Last week I posted a review of Fr. Oliver's splendid new book. I had previously sent him some questions for an interview, and here are his replies.
AD: When we last talked on here, it was about your book on Serapion of Thmuis. How, in the last two years, have you moved from ancient Egyptian patristics to Turning to Tradition: Converts and the Making of an American Orthodox Church? Was this a planned development or an unexpected move? What, if anything, links the progress from the first book to the second?
AD: When we last talked on here, it was about your book on Serapion of Thmuis. How, in the last two years, have you moved from ancient Egyptian patristics to Turning to Tradition: Converts and the Making of an American Orthodox Church? Was this a planned development or an unexpected move? What, if anything, links the progress from the first book to the second?
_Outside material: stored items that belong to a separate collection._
text \<open>Cartan matrix of type A_n^(1), indices I = {0..n} standing for Z/(n+1)Z.\<close>
definition cartan_affA :: "nat \<Rightarrow> nat \<Rightarrow> nat \<Rightarrow> int" where
  "cartan_affA n i j = (if i = j then 2
      else if j = (i + 1) mod (n + 1) \<or> i = (j + 1) mod (n + 1) then -1 else 0)"

end

theory Submission
  imports Defs
begin

(*
  In coordinates with respect to the simple roots, r_i acts on coefficient vectors through the
  Cartan matrix, and for A_n^(1) the pairing of coroot and root coefficient vectors d, c is the
  cyclic form B(d, c) = sum_i (d_i - d_(i+1)) (c_i - c_(i+1)).  A positive real root has a
  nonnegative coefficient vector c with B(c, c) = 2; read around the cycle from a minimum M, c - M
  is an integer walk from 0 to 0 with squared variation 2, so c is M plus the indicator of a proper
  cyclic interval.

  If M > 0, the interval root gamma is an inversion of s_beta with <beta^vee, gamma> = 2, so beta
  is not quantum.  Conversely, let beta be an interval root and gamma /= beta an inversion of
  s_beta, with b = <beta^vee, gamma>.  Negativity of s_beta gamma = gamma - b beta forces b >= 1,
  and B(gamma - beta, gamma - beta) = 4 - 2b >= 0 forces b <= 2; b = 2 would make gamma - beta
  constant, hence zero, since beta vanishes outside its interval.
*)

lemma pair_diff_right:
  "pair m y (\<lambda>k. x k - a * z k) = pair m y x - a * pair m y z"
  by (simp add: pair_def sum_subtractf sum_distrib_left algebra_simps)

lemma pair_diff_left:
  "pair m (\<lambda>k. y k - a * z k) x = pair m y x - a * pair m z x"
  by (simp add: pair_def sum_subtractf sum_distrib_left algebra_simps)

lemma pair_commute: "pair m y x = pair m x y"
  unfolding pair_def by (simp add: mult.commute)

lemma refl_involutive:
  assumes "pair m av a = 2"
  shows "refl m a av (refl m a av x) = x"
proof -
  have "pair m av (refl m a av x) = - pair m av x"
    using assms by (simp add: refl_def pair_diff_right)
  then show ?thesis by (simp add: refl_def)
qed

lemma pair_refl_refl:
  assumes "pair m av a = 2"
  shows "pair m (refl m av a y) (refl m a av x) = pair m y x"
proof -
  have "pair m (\<lambda>k. y k - pair m y a * av k) (\<lambda>k. x k - pair m av x * a k)
      = pair m y x - pair m av x * pair m y a
        - pair m y a * (pair m av x - pair m av x * pair m av a)"
    by (simp only: pair_diff_left pair_diff_right)
  then show ?thesis
    using assms by (simp add: refl_def pair_commute[of m a])
qed

lemma refl_diff:
  "refl m a av (\<lambda>k. x k - c * z k) = (\<lambda>k. refl m a av x k - c * refl m a av z k)"
  by (simp add: refl_def pair_diff_right fun_eq_iff algebra_simps)

section \<open>Coordinates with respect to the simple roots\<close>

definition lincomb :: "nat set \<Rightarrow> (nat \<Rightarrow> nat \<Rightarrow> int) \<Rightarrow> (nat \<Rightarrow> int) \<Rightarrow> nat \<Rightarrow> int" where
  "lincomb I v c = (\<lambda>k. \<Sum>i\<in>I. c i * v i k)"

definition unit_vec :: "nat \<Rightarrow> nat \<Rightarrow> int" where
  "unit_vec i = (\<lambda>j. of_bool (j = i))"

text \<open>\<open>r\<^sub>i(\<Sum>\<^sub>j c\<^sub>j \<alpha>\<^sub>j) = \<Sum>\<^sub>j c\<^sub>j \<alpha>\<^sub>j - (\<Sum>\<^sub>k B\<^sub>i\<^sub>k c\<^sub>k) \<alpha>\<^sub>i\<close> with \<open>B = A\<close>; on coroots the
  same formula holds with the transpose of \<open>A\<close>.\<close>
definition coeff_refl :: "nat set \<Rightarrow> (nat \<Rightarrow> nat \<Rightarrow> int) \<Rightarrow> nat \<Rightarrow> (nat \<Rightarrow> int) \<Rightarrow> nat \<Rightarrow> int" where
  "coeff_refl I B i c = (\<lambda>j. c j - (if j = i then \<Sum>k\<in>I. B i k * c k else 0))"

definition coeff_act :: "nat set \<Rightarrow> (nat \<Rightarrow> nat \<Rightarrow> int) \<Rightarrow> nat list \<Rightarrow> (nat \<Rightarrow> int) \<Rightarrow> nat \<Rightarrow> int" where
  "coeff_act I B w c = foldr (coeff_refl I B) w c"

definition cartan_form :: "nat set \<Rightarrow> (nat \<Rightarrow> nat \<Rightarrow> int) \<Rightarrow> (nat \<Rightarrow> int) \<Rightarrow> (nat \<Rightarrow> int) \<Rightarrow> int" where
  "cartan_form I B d c = (\<Sum>i\<in>I. \<Sum>j\<in>I. d i * B i j * c j)"

lemma lincomb_unit_vec: "finite I \<Longrightarrow> i \<in> I \<Longrightarrow> lincomb I v (unit_vec i) = v i"
  by (simp add: lincomb_def unit_vec_def fun_eq_iff if_distrib[of "\<lambda>a. a * _"] cong: if_cong)

lemma lincomb_diff: "lincomb I v (\<lambda>j. g j - b * c j) = (\<lambda>k. lincomb I v g k - b * lincomb I v c k)"
  by (simp add: lincomb_def fun_eq_iff algebra_simps sum_subtractf sum_distrib_left)

lemma lincomb_cong: "(\<And>i. i \<in> I \<Longrightarrow> c i = d i) \<Longrightarrow> lincomb I v c = lincomb I v d"
  unfolding lincomb_def by (auto intro!: sum.cong)

lemma pair_lincomb_right: "pair m y (lincomb I v c) = (\<Sum>j\<in>I. c j * pair m y (v j))"
  unfolding pair_def lincomb_def
  by (simp add: sum_distrib_left sum_distrib_right mult_ac sum.swap[of _ I])

lemma pair_lincomb_left: "pair m (lincomb I v d) x = (\<Sum>i\<in>I. d i * pair m (v i) x)"
  using pair_lincomb_right[of m x I v d] by (simp add: pair_commute[of m x])

lemma lincomb_sum_of_bool:
  assumes "finite I" "\<And>t. t \<in> T \<Longrightarrow> f t \<in> I"
  shows "lincomb I v (\<lambda>j. \<Sum>t\<in>T. of_bool (j = f t)) = (\<lambda>k. \<Sum>t\<in>T. v (f t) k)"
proof
  fix k
  have "lincomb I v (\<lambda>j. \<Sum>t\<in>T. of_bool (j = f t)) k = (\<Sum>t\<in>T. \<Sum>i\<in>I. of_bool (i = f t) * v i k)"
    by (simp add: lincomb_def sum_distrib_right sum.swap[of _ I])
  also have "\<dots> = (\<Sum>t\<in>T. v (f t) k)"
    using assms
    by (intro sum.cong) (simp_all add: of_bool_def if_distrib[of "\<lambda>a. a * _"] sum.delta cong: if_cong)
  finally show "lincomb I v (\<lambda>j. \<Sum>t\<in>T. of_bool (j = f t)) k = (\<Sum>t\<in>T. v (f t) k)" .
qed
(* Let $S$ be a semiregular pseudocompact semitopological semigroup which is an orthogonal sum $S=\sum_{i\in\mathscr I}B^0_{\lambda_i}(S_i)$ of topological Brandt $\lambda_i^0$-extensions of semitopological monoids $S_i$ with zeros. Then for every open neighbourhood $U(0)$ of the zero $0$ of $S$ the set of triples $(i,\alpha_i,\beta_i)$ with $i\in\mathscr I$, $\alpha_i,\beta_i\in\lambda_i$ and $(S_i)_{\alpha_i,\beta_i}\not\subseteq U(0)$ is finite.
   Context: All spaces are Hausdorff; a semitopological semigroup is a Hausdorff space with separately continuous associative operation. A space is semiregular if it has a base of regular open sets ($A$ is regular open if $\operatorname{int}\operatorname{cl}A=A$); pseudocompact means every locally finite family of non-empty open sets is finite. For a semigroup $T$ with zero $0_T$ and a cardinal $\lambda\ge1$, $B^0_\lambda(T)=(\lambda\times (T\setminus\{0_T\})\times\lambda)\cup\{0\}$ with $(\alpha,a,\beta)(\gamma,b,\delta)=(\alpha,ab,\delta)$ if $\beta=\gamma$ and $ab\ne0_T$, and $0$ otherwise, $0$ a zero. For $A\subseteq T$, $A_{\alpha,\beta}=\{(\alpha,s,\beta):s\in A\setminus\{0_T\}\}\cup\{0\}$ if $0_T\in A$ and $\{(\alpha,s,\beta):s\in A\}$ otherwise. A topological Brandt $\lambda^0$-extension of a semitopological monoid $T$ with zero is $B^0_\lambda(T)$ with a topology making it a semitopological semigroup such that for some $\alpha\in\lambda$ the map $s\mapsto(\alpha,s,\alpha)$ ($0_T\mapsto0$) is a homeomorphism $T\to T_{\alpha,\alpha}$. The orthogonal sum of semigroups $T_\iota$ with zeros is $\{0\}\cup\bigcup_\iota(T_\iota\setminus\{0_\iota\})$ with products computed in $T_\iota$ when both factors lie in the same $T_\iota$ and the product is non-zero, and $0$ otherwise. *)

theory Defs
  imports "HOL-Analysis.Analysis"
begin
lemma unit_run_cases:
  assumes "p \<in> runs {False} q1 q2 w"
  shows "p \<in> atom_run q1 q2 ` {a. atom_states q1 q2 \<and> w = [a]} \<union> wrap_factors q1 q2 ` paren_factors q1 q2 w"
proof -
  obtain r t where p: "p = (r, t)" and R: "is_run H V Om r q1 q2 t False" "fst t = w"
    using assms by (auto simp: runs_def)
  from R(1) show ?thesis
  proof (cases rule: is_run.cases)
    case (atom a)
    with p R(2) show ?thesis
      by (auto simp: atom_run_def atom_states_def singleton_text_def)
  next
    case (paren m p1 p2 s)
    then have "(s, p1, p2, (m, t)) \<in> paren_factors q1 q2 w"
      using R(2) is_run_states[OF paren(2)] by (auto simp: paren_factors_def paren_states_def mem_runs)
    moreover have "p = wrap_factors q1 q2 (s, p1, p2, (m, t))"
      using p paren(1) by (simp add: wrap_factors_def)
    ultimately show ?thesis
      by blast
  qed simp_all
qed

lemma unit_runs_split:
  "runs {False} q1 q2 w =
     atom_run q1 q2 ` {a. atom_states q1 q2 \<and> w = [a]} \<union> wrap_factors q1 q2 ` paren_factors q1 q2 w"
proof (intro equalityI subsetI)
  fix p
  assume "p \<in> atom_run q1 q2 ` {a. atom_states q1 q2 \<and> w = [a]} \<union> wrap_factors q1 q2 ` paren_factors q1 q2 w"
  then show "p \<in> runs {False} q1 q2 w"
    by (auto simp: atom_run_def atom_states_def intro: is_run.atom wrap_factors_mem_runs)
qed (rule unit_run_cases)

lemma run_series_unit:
  "run_series {False} q1 q2 w =
     (\<Sum>a\<in>UNIV. (if atom_states q1 q2 then mu q1 a q2 else 0) * char_ser [a] w) +
     (\<Sum>s\<in>Om. \<Sum>p1\<in>{p1 \<in> states. paren_states q1 p1 q2}. \<Sum>p2\<in>states.
        mop q1 s p1 * mcl p2 s q2 * run_series {True} p1 p2 w)"
proof -
  let ?wt = "\<lambda>p. run_weight mu mop mcl (fst p)"
  let ?A = "{a. atom_states q1 q2 \<and> w = [a]}"
  have inj_atom: "inj_on (atom_run q1 q2) ?A"
    by (auto simp: inj_on_def atom_run_def)
  have inj_wrap: "inj_on (wrap_factors q1 q2) (paren_factors q1 q2 w)"
    by (auto simp: inj_on_def wrap_factors_def)
  have finite_paren: "finite (paren_factors q1 q2 w)"
    unfolding paren_factors_def using finite_Om finite_states finite_runs by (intro finite_SigmaI) auto
  have "atom_run q1 q2 ` ?A \<inter> wrap_factors q1 q2 ` paren_factors q1 q2 w = {}"
    by (auto simp: atom_run_def wrap_factors_def)
  then have "run_series {False} q1 q2 w =
      (\<Sum>p\<in>atom_run q1 q2 ` ?A. ?wt p) + (\<Sum>p\<in>wrap_factors q1 q2 ` paren_factors q1 q2 w. ?wt p)"
    unfolding run_series_def unit_runs_split using finite_paren by (simp add: sum.union_disjoint)
  also have "(\<Sum>p\<in>atom_run q1 q2 ` ?A. ?wt p) = (\<Sum>a\<in>?A. mu q1 a q2)"
    using sum.reindex[OF inj_atom, of ?wt] by (simp add: atom_run_def run_weight_def)
  also have "\<dots> = (\<Sum>a\<in>UNIV. if atom_states q1 q2 \<and> w = [a] then mu q1 a q2 else 0)"
    using sum.inter_filter[of UNIV "\<lambda>a. mu q1 a q2" "\<lambda>a. atom_states q1 q2 \<and> w = [a]"] by simp
  also have "\<dots> = (\<Sum>a\<in>UNIV. (if atom_states q1 q2 then mu q1 a q2 else 0) * char_ser [a] w)"
    by (rule sum.cong) (auto simp: char_ser_def)
  also have "(\<Sum>p\<in>wrap_factors q1 q2 ` paren_factors q1 q2 w. ?wt p)
      = (\<Sum>d\<in>paren_factors q1 q2 w. ?wt (wrap_factors q1 q2 d))"
    using sum.reindex[OF inj_wrap, of ?wt] by simp
  also have "\<dots> = (\<Sum>s\<in>Om. \<Sum>p1\<in>{p1 \<in> states. paren_states q1 p1 q2}. \<Sum>p2\<in>states.
        mop q1 s p1 * mcl p2 s q2 * run_series {True} p1 p2 w)"
    unfolding paren_factors_def run_series_def using finite_Om finite_states finite_runs
    by (simp add: sum.Sigma split_def sum_distrib_left wrap_factors_def
        run_weight_def mult_ac)
  finally show ?thesis .
qed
OH: I admit that is a jump! Would it surprise you to know I published an
article on Anselm and one on Bonaventure during the interim (in addition to
articles on American Orthodoxy)? The
move was both planned and unplanned. Dr.
Lois Malcolm at Luther Seminary told our systematics class (and presumably she
tells each class this) that it is wise and helpful to have two periods of
church history from which to draw when developing one’s theology. That stuck with me and so I have always felt
it to be important to have a handle on some geographical and temporal location
in the early church together with a later period. I privately decided to one-up Lois’ class
challenge and committed to finding three periods, to triangulate my theology. It’s
been a slow go to develop the third (Byzantine theology of the eighth, ninth,
and tenth centuries, which is slowly coming to the fore and lies behind the
Anselm and Bonaventure articles and guides a current project in collaboration
with Brian Matz of Carroll College on the filioque
dispute of the ninth century—may we see that through!).
In
my case, I wanted to be grounded in patristic thought and at St. Vladimir’s, I
encountered Sarapion, who intrigued me, as he was a desert father, but also
clearly an astute, philosophical intellectual.
I also admitted that I had sympathy for him as a little known
saint—there’s something about a “dark horse.”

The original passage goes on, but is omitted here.